We're stuck in an underground base. All thirty of us. Ten engineers to keep the base running, fifteen soldiers to protect the base and five support personnel. Our job was to pick up UFO signatures over South America and transmit the coordinates to Area 51.
Only I haven't received anything the past week. It may have to do with our radars constantly picking up well over twenty UFOs in Brazil alone a week ago. The chief engineer then shut down all radar operations and had us ping the surrounding areas only to avoid detection.

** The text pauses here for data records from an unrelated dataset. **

theorem mainTheorem7:
  fixes M :: "('a::t2_space) measure"
    and E :: "('a \<Rightarrow> real) \<Rightarrow> ennreal"
    and r q p lam :: real
    and f u :: "'a \<Rightarrow> real"
  assumes borelM: "sets M = sets borel"
    and full_support: "\<forall>U. open U \<longrightarrow> U \<noteq> {} \<longrightarrow> emeasure M U \<noteq> 0"
    and dir: "dirichlet_form M E"
    and ev: "even_form E M"
    and r: "r \<ge> 2" and growth: "growth_type_at_most M E r"
    and q: "q \<ge> 2" and lam: "lam > 0"
    and f2: "memL2 M f" and fq: "memLp q M f"
    and u2: "memL2 M u"
    and sol: "(u, (\<lambda>x. f x - lam * u x)) \<in> subgradient M E"
    and p: "p \<ge> 2" and pqr: "(1 - 2 / q) * (p / r) > 1"
    and emb: "embeds_continuously_Lp M E p"
  shows "memLinf M u"
proof -
  have E0: "E (\<lambda>x. 0) = 0" and "p > 0"
    using ev p by (simp_all add: even_form_def)
  have exps: "(1 - 1/q - 1/p) * p / (r - 1) > 1" "1/q + 1/p < 1"
    using exponent_gap[of r p q] r p q pqr by auto
  define I J m where "I k = (\<integral>x. f x * half_excess k (u x) \<partial>M)"
    and "J k = (\<integral>x. \<bar>half_excess k (u x)\<bar> powr p \<partial>M)"
    and "m k = measure M {x \<in> space M. k < \<bar>u x\<bar>}" for k
  obtain C where C: "C \<ge> 0"
    and Lp: "\<And>k. k > 0 \<Longrightarrow> 0 \<le> I k \<and> integrable M (\<lambda>x. \<bar>half_excess k (u x)\<bar> powr p)
      \<and> J k \<le> C * I k powr (p / r)"
    using half_excess_Lp_estimate[OF dir E0 growth r emb \<open>p > 0\<close> sol f2 lam]
    unfolding I_def J_def by blast
  define F where "F = (\<integral>x. \<bar>f x\<bar> powr q \<partial>M) powr (1/q)"
  have decay: "J k \<le> (C * F powr (p / r)) powr (r / (r - 1)) * m k powr ((1 - 1/q - 1/p) * p / (r - 1))"
    if "1 \<le> k" for k
  proof -
    have k: "k > 0"
      using that by simp
    then have "I k \<le> F * J k powr (1/p) * m k powr (1 - 1/q - 1/p)"
      using Lp[OF k] exps(2) p q unfolding I_def J_def m_def F_def
      by (intro integral_mult_half_excess_le_Holder[OF fq u2]) auto
    then show ?thesis
      using Lp[OF k] C r p by (intro power_bound_absorb) (auto simp: J_def m_def F_def)
  qed
  then show ?thesis
    using Lp C \<open>p > 0\<close> unfolding J_def m_def
    by (intro memLinf_if_half_excess_decay[OF u2 _ exps(1), where C = "(C * F powr (p / r)) powr (r / (r - 1))"])
      auto
qed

With some expert aiming though, we tried to send some highly encrypted messages to Area 51 and Early Light without it being able to be picked up by anyone else. Fortunately, no UFOs seem to have triangulated us by intercepting the signals. Unfortunately, I don't think anyone has intercepted our messages at Area 51 and Early Light either. I'm beginning to fear the worse.
Aside this radar base, there's an observatory nearby, taking advantage of that same clear air. They don't have a radio there so we sent a team of five men there, check on them and see if they know more.

Ping

Ping

*Static*

This is an emergency call, can someone hear me? This is X-COM Radio Operator Private Regal and this is an encrypted transmission from the X-Com Radar Installation 25-01 in the Amazon for Area 51, can someone hear me?
Weekly report has not been received yesterday. All transmissions to and from Early Light has ceased. Local news *Static* UFO Invasion.
Area 51, can you give me a situation report?
Warning Area 51, in 72 hours, we will initiate protocol 23.4B after which there will be no more transmissions. I repeat, no more transmissions in 72 hours.


Ping

Ping

Fuck 23.4B.
Ok, ending this audiolog, the team sent to the observatory has returned. Hope we have some answers now.